Collected data entries
text \<open>With n l = ||G_l|| and rho <= 1, the radius 1 + sum n {1..K} bounds all cores of G and of
  its SAM perturbation.\<close>

definition remainder_coeff :: "real \<Rightarrow> (nat \<Rightarrow> real) \<Rightarrow> real \<Rightarrow> real" where
  "remainder_coeff L n D = 4 * (K * M * (1 + sum n {1..K}) ^ (K - 1))
     * (\<bar>L\<bar> * M * (1 + sum n {1..K}) ^ (K - 1) + D)"

lemma sam_norm_balance:
  assumes f: "\<And>x. (f has_derivative (\<lambda>h. df x \<bullet> h)) (at x)"
    and L: "\<And>x y. norm (df x - df y) \<le> L * norm (x - y)"
    and G: "G \<in> cores K V" and nonzero: "\<exists>k\<in>{1..K}. sam_grads (f \<circ> \<Phi>) V K G k \<noteq> 0"
    and \<rho>: "0 < \<rho>" "\<rho> \<le> 1" and i: "i \<in> {1..K}" and j: "j \<in> {1..K}"
    and flow: "\<gamma> t0 = G"
      "\<And>k. k \<in> {1..K} \<Longrightarrow> ((\<lambda>t. \<gamma> t k) has_vector_derivative - sam_tgrads (f \<circ> \<Phi>) V K \<rho> G k) (at t0)"
  shows "\<exists>R. ((\<lambda>t. (norm (\<gamma> t i))\<^sup>2 - (norm (\<gamma> t j))\<^sup>2) has_real_derivative
      2 * \<rho> * sam_u (f \<circ> \<Phi>) V K G *
        ((norm (sam_grads (f \<circ> \<Phi>) V K G i))\<^sup>2 - (norm (sam_grads (f \<circ> \<Phi>) V K G j))\<^sup>2)
      + R) (at t0) \<and>
    \<bar>R\<bar> \<le> remainder_coeff L (\<lambda>k. norm (G k)) (norm (df (\<Phi> G))) * \<rho>\<^sup>2"
proof -
  let ?g = "sam_grads (f \<circ> \<Phi>) V K G" and ?g' = "sam_tgrads (f \<circ> \<Phi>) V K \<rho> G"
  let ?G' = "sam_perturb (f \<circ> \<Phi>) V K \<rho> G"
  define r where "r = 1 + (\<Sum>l=1..K. norm (G l))"
  define c where "c = K * M * r ^ (K - 1) * (\<bar>L\<bar> * M * r ^ (K - 1) + norm (df (\<Phi> G)))"
  have bounds: "norm (?G' l) \<le> r \<and> norm (G l) \<le> r \<and> norm (?G' l - G l) \<le> \<rho>"
    if "l \<in> {1..K}" for l
  proof -
    have "norm (G l) \<le> r - 1"
      unfolding r_def using that by simp (intro member_le_sum; simp)
    moreover have "norm (?G' l - G l) \<le> \<rho>"
      using norm_sam_perturb_diff_le[OF nonzero] \<rho> by simp
    ultimately show ?thesis
      using \<rho> norm_triangle_sub[of "?G' l" "G l"] by linarith
  qed
  have "1 \<le> r"
    unfolding r_def by (simp add: sum_nonneg)
  have "norm (?g' k - ?g k) \<le> c * \<rho>" if k: "k \<in> {1..K}" for k
    using norm_pgrad_comp_diff_le[OF f L sam_perturb_in_cores[OF f G] G k \<open>1 \<le> r\<close> bounds]
    unfolding sam_tgrads_def sam_grads_slot[OF k] c_def .
  then have "\<bar>2 * \<rho> * sam_u (f \<circ> \<Phi>) V K G * (?g i \<bullet> (?g' i - ?g i) - ?g j \<bullet> (?g' j - ?g j))\<bar>
      \<le> 4 * c * \<rho>\<^sup>2"
    using i j \<rho> sam_u_pos_mult_norm_le[OF nonzero]
    by (intro abs_sam_remainder_le) (auto simp: less_imp_le)
  then show ?thesis
    using sam_flow_norm_balance_deriv[OF f G i j flow]
    unfolding remainder_coeff_def c_def r_def by (auto simp: mult.assoc)
qed

end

* **EXERCISE BRIEF**
What's needed is a word-for-word restatement of all the entries.

* **EXPECTED ANSWER**
text \<open>With n l = ||G_l|| and rho <= 1, the radius 1 + sum n {1..K} bounds all cores of G and of
  its SAM perturbation.\<close>

definition remainder_coeff :: "real \<Rightarrow> (nat \<Rightarrow> real) \<Rightarrow> real \<Rightarrow> real" where
  "remainder_coeff L n D = 4 * (K * M * (1 + sum n {1..K}) ^ (K - 1))
     * (\<bar>L\<bar> * M * (1 + sum n {1..K}) ^ (K - 1) + D)"

lemma sam_norm_balance:
  assumes f: "\<And>x. (f has_derivative (\<lambda>h. df x \<bullet> h)) (at x)"
    and L: "\<And>x y. norm (df x - df y) \<le> L * norm (x - y)"
    and G: "G \<in> cores K V" and nonzero: "\<exists>k\<in>{1..K}. sam_grads (f \<circ> \<Phi>) V K G k \<noteq> 0"
    and \<rho>: "0 < \<rho>" "\<rho> \<le> 1" and i: "i \<in> {1..K}" and j: "j \<in> {1..K}"
    and flow: "\<gamma> t0 = G"
      "\<And>k. k \<in> {1..K} \<Longrightarrow> ((\<lambda>t. \<gamma> t k) has_vector_derivative - sam_tgrads (f \<circ> \<Phi>) V K \<rho> G k) (at t0)"
  shows "\<exists>R. ((\<lambda>t. (norm (\<gamma> t i))\<^sup>2 - (norm (\<gamma> t j))\<^sup>2) has_real_derivative
      2 * \<rho> * sam_u (f \<circ> \<Phi>) V K G *
        ((norm (sam_grads (f \<circ> \<Phi>) V K G i))\<^sup>2 - (norm (sam_grads (f \<circ> \<Phi>) V K G j))\<^sup>2)
      + R) (at t0) \<and>
    \<bar>R\<bar> \<le> remainder_coeff L (\<lambda>k. norm (G k)) (norm (df (\<Phi> G))) * \<rho>\<^sup>2"
proof -
  let ?g = "sam_grads (f \<circ> \<Phi>) V K G" and ?g' = "sam_tgrads (f \<circ> \<Phi>) V K \<rho> G"
  let ?G' = "sam_perturb (f \<circ> \<Phi>) V K \<rho> G"
  define r where "r = 1 + (\<Sum>l=1..K. norm (G l))"
  define c where "c = K * M * r ^ (K - 1) * (\<bar>L\<bar> * M * r ^ (K - 1) + norm (df (\<Phi> G)))"
  have bounds: "norm (?G' l) \<le> r \<and> norm (G l) \<le> r \<and> norm (?G' l - G l) \<le> \<rho>"
    if "l \<in> {1..K}" for l
  proof -
    have "norm (G l) \<le> r - 1"
      unfolding r_def using that by simp (intro member_le_sum; simp)
    moreover have "norm (?G' l - G l) \<le> \<rho>"
      using norm_sam_perturb_diff_le[OF nonzero] \<rho> by simp
    ultimately show ?thesis
      using \<rho> norm_triangle_sub[of "?G' l" "G l"] by linarith
  qed
  have "1 \<le> r"
    unfolding r_def by (simp add: sum_nonneg)
  have "norm (?g' k - ?g k) \<le> c * \<rho>" if k: "k \<in> {1..K}" for k
    using norm_pgrad_comp_diff_le[OF f L sam_perturb_in_cores[OF f G] G k \<open>1 \<le> r\<close> bounds]
    unfolding sam_tgrads_def sam_grads_slot[OF k] c_def .
  then have "\<bar>2 * \<rho> * sam_u (f \<circ> \<Phi>) V K G * (?g i \<bullet> (?g' i - ?g i) - ?g j \<bullet> (?g' j - ?g j))\<bar>
      \<le> 4 * c * \<rho>\<^sup>2"
    using i j \<rho> sam_u_pos_mult_norm_le[OF nonzero]
    by (intro abs_sam_remainder_le) (auto simp: less_imp_le)
  then show ?thesis
    using sam_flow_norm_balance_deriv[OF f G i j flow]
    unfolding remainder_coeff_def c_def r_def by (auto simp: mult.assoc)
qed

end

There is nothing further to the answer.